(* For every sequence of digits in $D$ and every $n\ge1$: (1) $p_n/q_n$ lies between $p_n'/q_n'$ and $p_n''/q_n''$; (2) $p_{n-1}/q_{n-1}$ does not lie between $p_n'/q_n'$ and $p_n''/q_n''$; (3) the three numbers $p_n/q_n$, $p_n'/q_n'$, $p_n''/q_n''$ are distinct and all lie in the half-open interval $I_{n-1}$ with endpoints $p_{n-1}/q_{n-1}$ and $p_{n-1}''/q_{n-1}''$ that contains $p_{n-1}''/q_{n-1}''$ but not $p_{n-1}/q_{n-1}$.
   Context: Admissible digits: $D=\{(1,1)\}\cup\{(a,\varepsilon): a\in\mathbb Z,\ a\ge2,\ \varepsilon\in\{-1,1\}\}$. Fix digits $(a_1,\varepsilon_1),(a_2,\varepsilon_2),\dots\in D$. For $n\ge1$, with $M=\begin{pmatrix}1&-1\\1&0\end{pmatrix}$, $J=\begin{pmatrix}2&-1\\1&0\end{pmatrix}$, $E(a,\varepsilon)=\begin{pmatrix}a&\varepsilon\\1&0\end{pmatrix}$, define integers by $M E(a_1,\varepsilon_1) J\cdots J E(a_n,\varepsilon_n) J=\begin{pmatrix}p_n&-p_n'\\ q_n&-q_n'\end{pmatrix}$ and $\begin{pmatrix}p_n''\\ q_n''\end{pmatrix}=M E(a_1,\varepsilon_1) J\cdots J E(a_n,\varepsilon_n)\begin{pmatrix}1\\1\end{pmatrix}$; set $p_0=q_0=1$, $p_0''=0$, $q_0''=1$. Then $p_n/q_n$, $p_n'/q_n'$, $p_n''/q_n''$ equal the finite continued fraction $1-\cfrac{1}{a_1+\cfrac{\varepsilon_1}{2-\cfrac{1}{\ddots\ \cfrac{\varepsilon_{n-1}}{2-\cfrac{1}{c}}}}}$ with last term $c=a_n+\varepsilon_n/2$, $c=a_n$, $c=a_n+\varepsilon_n$ respectively (principal, sub-, pseudo-convergents); all $q$'s are positive. *)

theory Defs
  imports Complex_Main
begin

text \<open>2x2 integer matrices (m11, m12, m21, m22).\<close>
type_synonym mat2 = "int \<times> int \<times> int \<times> int"

fun mmul :: "mat2 \<Rightarrow> mat2 \<Rightarrow> mat2" where
  "mmul (a,b,c,d) (e,f,g,h) = (a*e + b*g, a*f + b*h, c*e + d*g, c*f + d*h)"

definition Mmat :: mat2 where "Mmat = (1, -1, 1, 0)"
definition Jmat :: mat2 where "Jmat = (2, -1, 1, 0)"
definition Emat :: "int \<Rightarrow> int \<Rightarrow> mat2" where "Emat a e = (a, e, 1, 0)"

definition admissible :: "int \<times> int \<Rightarrow> bool" where
  "admissible d \<longleftrightarrow> d = (1,1) \<or> (fst d \<ge> 2 \<and> (snd d = -1 \<or> snd d = 1))"

text \<open>Digit sequences are indexed from 1: digit k is (a k, e k), k \<ge> 1.
  prodM a e n = M E(a1,e1) J ... J E(an,en) J  (prodM a e 0 = M).\<close>
fun prodM :: "(nat \<Rightarrow> int) \<Rightarrow> (nat \<Rightarrow> int) \<Rightarrow> nat \<Rightarrow> mat2" where
  "prodM a e 0 = Mmat"
| "prodM a e (Suc n) = mmul (mmul (prodM a e n) (Emat (a (Suc n)) (e (Suc n)))) Jmat"

definition pp :: "(nat \<Rightarrow> int) \<Rightarrow> (nat \<Rightarrow> int) \<Rightarrow> nat \<Rightarrow> int" where
  "pp a e n = (if n = 0 then 1 else (case prodM a e n of (m11,m12,m21,m22) \<Rightarrow> m11))"
definition qq :: "(nat \<Rightarrow> int) \<Rightarrow> (nat \<Rightarrow> int) \<Rightarrow> nat \<Rightarrow> int" where
  "qq a e n = (if n = 0 then 1 else (case prodM a e n of (m11,m12,m21,m22) \<Rightarrow> m21))"
text \<open>sub-convergents (defined for n \<ge> 1)\<close>
definition pp' :: "(nat \<Rightarrow> int) \<Rightarrow> (nat \<Rightarrow> int) \<Rightarrow> nat \<Rightarrow> int" where
  "pp' a e n = (case prodM a e n of (m11,m12,m21,m22) \<Rightarrow> - m12)"
definition qq' :: "(nat \<Rightarrow> int) \<Rightarrow> (nat \<Rightarrow> int) \<Rightarrow> nat \<Rightarrow> int" where
  "qq' a e n = (case prodM a e n of (m11,m12,m21,m22) \<Rightarrow> - m22)"
text \<open>pseudo-convergents: M E1 J ... J En (1,1)^T for n \<ge> 1; p''_0 = 0, q''_0 = 1\<close>
definition pp'' :: "(nat \<Rightarrow> int) \<Rightarrow> (nat \<Rightarrow> int) \<Rightarrow> nat \<Rightarrow> int" where
  "pp'' a e n = (if n = 0 then 0 else
     (case mmul (prodM a e (n-1)) (Emat (a n) (e n)) of (m11,m12,m21,m22) \<Rightarrow> m11 + m12))"
definition qq'' :: "(nat \<Rightarrow> int) \<Rightarrow> (nat \<Rightarrow> int) \<Rightarrow> nat \<Rightarrow> int" where
  "qq'' a e n = (if n = 0 then 1 else
     (case mmul (prodM a e (n-1)) (Emat (a n) (e n)) of (m11,m12,m21,m22) \<Rightarrow> m21 + m22))"

definition between :: "real \<Rightarrow> real \<Rightarrow> real \<Rightarrow> bool" where
  "between x u v \<longleftrightarrow> min u v \<le> x \<and> x \<le> max u v"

» Task goal
Repeat the data word for word.

» Task answer
(* For every sequence of digits in $D$ and every $n\ge1$: (1) $p_n/q_n$ lies between $p_n'/q_n'$ and $p_n''/q_n''$; (2) $p_{n-1}/q_{n-1}$ does not lie between $p_n'/q_n'$ and $p_n''/q_n''$; (3) the three numbers $p_n/q_n$, $p_n'/q_n'$, $p_n''/q_n''$ are distinct and all lie in the half-open interval $I_{n-1}$ with endpoints $p_{n-1}/q_{n-1}$ and $p_{n-1}''/q_{n-1}''$ that contains $p_{n-1}''/q_{n-1}''$ but not $p_{n-1}/q_{n-1}$.
   Context: Admissible digits: $D=\{(1,1)\}\cup\{(a,\varepsilon): a\in\mathbb Z,\ a\ge2,\ \varepsilon\in\{-1,1\}\}$. Fix digits $(a_1,\varepsilon_1),(a_2,\varepsilon_2),\dots\in D$. For $n\ge1$, with $M=\begin{pmatrix}1&-1\\1&0\end{pmatrix}$, $J=\begin{pmatrix}2&-1\\1&0\end{pmatrix}$, $E(a,\varepsilon)=\begin{pmatrix}a&\varepsilon\\1&0\end{pmatrix}$, define integers by $M E(a_1,\varepsilon_1) J\cdots J E(a_n,\varepsilon_n) J=\begin{pmatrix}p_n&-p_n'\\ q_n&-q_n'\end{pmatrix}$ and $\begin{pmatrix}p_n''\\ q_n''\end{pmatrix}=M E(a_1,\varepsilon_1) J\cdots J E(a_n,\varepsilon_n)\begin{pmatrix}1\\1\end{pmatrix}$; set $p_0=q_0=1$, $p_0''=0$, $q_0''=1$. Then $p_n/q_n$, $p_n'/q_n'$, $p_n''/q_n''$ equal the finite continued fraction $1-\cfrac{1}{a_1+\cfrac{\varepsilon_1}{2-\cfrac{1}{\ddots\ \cfrac{\varepsilon_{n-1}}{2-\cfrac{1}{c}}}}}$ with last term $c=a_n+\varepsilon_n/2$, $c=a_n$, $c=a_n+\varepsilon_n$ respectively (principal, sub-, pseudo-convergents); all $q$'s are positive. *)

theory Defs
  imports Complex_Main
begin

text \<open>2x2 integer matrices (m11, m12, m21, m22).\<close>
type_synonym mat2 = "int \<times> int \<times> int \<times> int"

fun mmul :: "mat2 \<Rightarrow> mat2 \<Rightarrow> mat2" where
  "mmul (a,b,c,d) (e,f,g,h) = (a*e + b*g, a*f + b*h, c*e + d*g, c*f + d*h)"

definition Mmat :: mat2 where "Mmat = (1, -1, 1, 0)"
definition Jmat :: mat2 where "Jmat = (2, -1, 1, 0)"
definition Emat :: "int \<Rightarrow> int \<Rightarrow> mat2" where "Emat a e = (a, e, 1, 0)"

definition admissible :: "int \<times> int \<Rightarrow> bool" where
  "admissible d \<longleftrightarrow> d = (1,1) \<or> (fst d \<ge> 2 \<and> (snd d = -1 \<or> snd d = 1))"

text \<open>Digit sequences are indexed from 1: digit k is (a k, e k), k \<ge> 1.
  prodM a e n = M E(a1,e1) J ... J E(an,en) J  (prodM a e 0 = M).\<close>
fun prodM :: "(nat \<Rightarrow> int) \<Rightarrow> (nat \<Rightarrow> int) \<Rightarrow> nat \<Rightarrow> mat2" where
  "prodM a e 0 = Mmat"
| "prodM a e (Suc n) = mmul (mmul (prodM a e n) (Emat (a (Suc n)) (e (Suc n)))) Jmat"

definition pp :: "(nat \<Rightarrow> int) \<Rightarrow> (nat \<Rightarrow> int) \<Rightarrow> nat \<Rightarrow> int" where
  "pp a e n = (if n = 0 then 1 else (case prodM a e n of (m11,m12,m21,m22) \<Rightarrow> m11))"
definition qq :: "(nat \<Rightarrow> int) \<Rightarrow> (nat \<Rightarrow> int) \<Rightarrow> nat \<Rightarrow> int" where
  "qq a e n = (if n = 0 then 1 else (case prodM a e n of (m11,m12,m21,m22) \<Rightarrow> m21))"
text \<open>sub-convergents (defined for n \<ge> 1)\<close>
definition pp' :: "(nat \<Rightarrow> int) \<Rightarrow> (nat \<Rightarrow> int) \<Rightarrow> nat \<Rightarrow> int" where
  "pp' a e n = (case prodM a e n of (m11,m12,m21,m22) \<Rightarrow> - m12)"
definition qq' :: "(nat \<Rightarrow> int) \<Rightarrow> (nat \<Rightarrow> int) \<Rightarrow> nat \<Rightarrow> int" where
  "qq' a e n = (case prodM a e n of (m11,m12,m21,m22) \<Rightarrow> - m22)"
text \<open>pseudo-convergents: M E1 J ... J En (1,1)^T for n \<ge> 1; p''_0 = 0, q''_0 = 1\<close>
definition pp'' :: "(nat \<Rightarrow> int) \<Rightarrow> (nat \<Rightarrow> int) \<Rightarrow> nat \<Rightarrow> int" where
  "pp'' a e n = (if n = 0 then 0 else
     (case mmul (prodM a e (n-1)) (Emat (a n) (e n)) of (m11,m12,m21,m22) \<Rightarrow> m11 + m12))"
definition qq'' :: "(nat \<Rightarrow> int) \<Rightarrow> (nat \<Rightarrow> int) \<Rightarrow> nat \<Rightarrow> int" where
  "qq'' a e n = (if n = 0 then 1 else
     (case mmul (prodM a e (n-1)) (Emat (a n) (e n)) of (m11,m12,m21,m22) \<Rightarrow> m21 + m22))"

definition between :: "real \<Rightarrow> real \<Rightarrow> real \<Rightarrow> bool" where
  "between x u v \<longleftrightarrow> min u v \<le> x \<and> x \<le> max u v"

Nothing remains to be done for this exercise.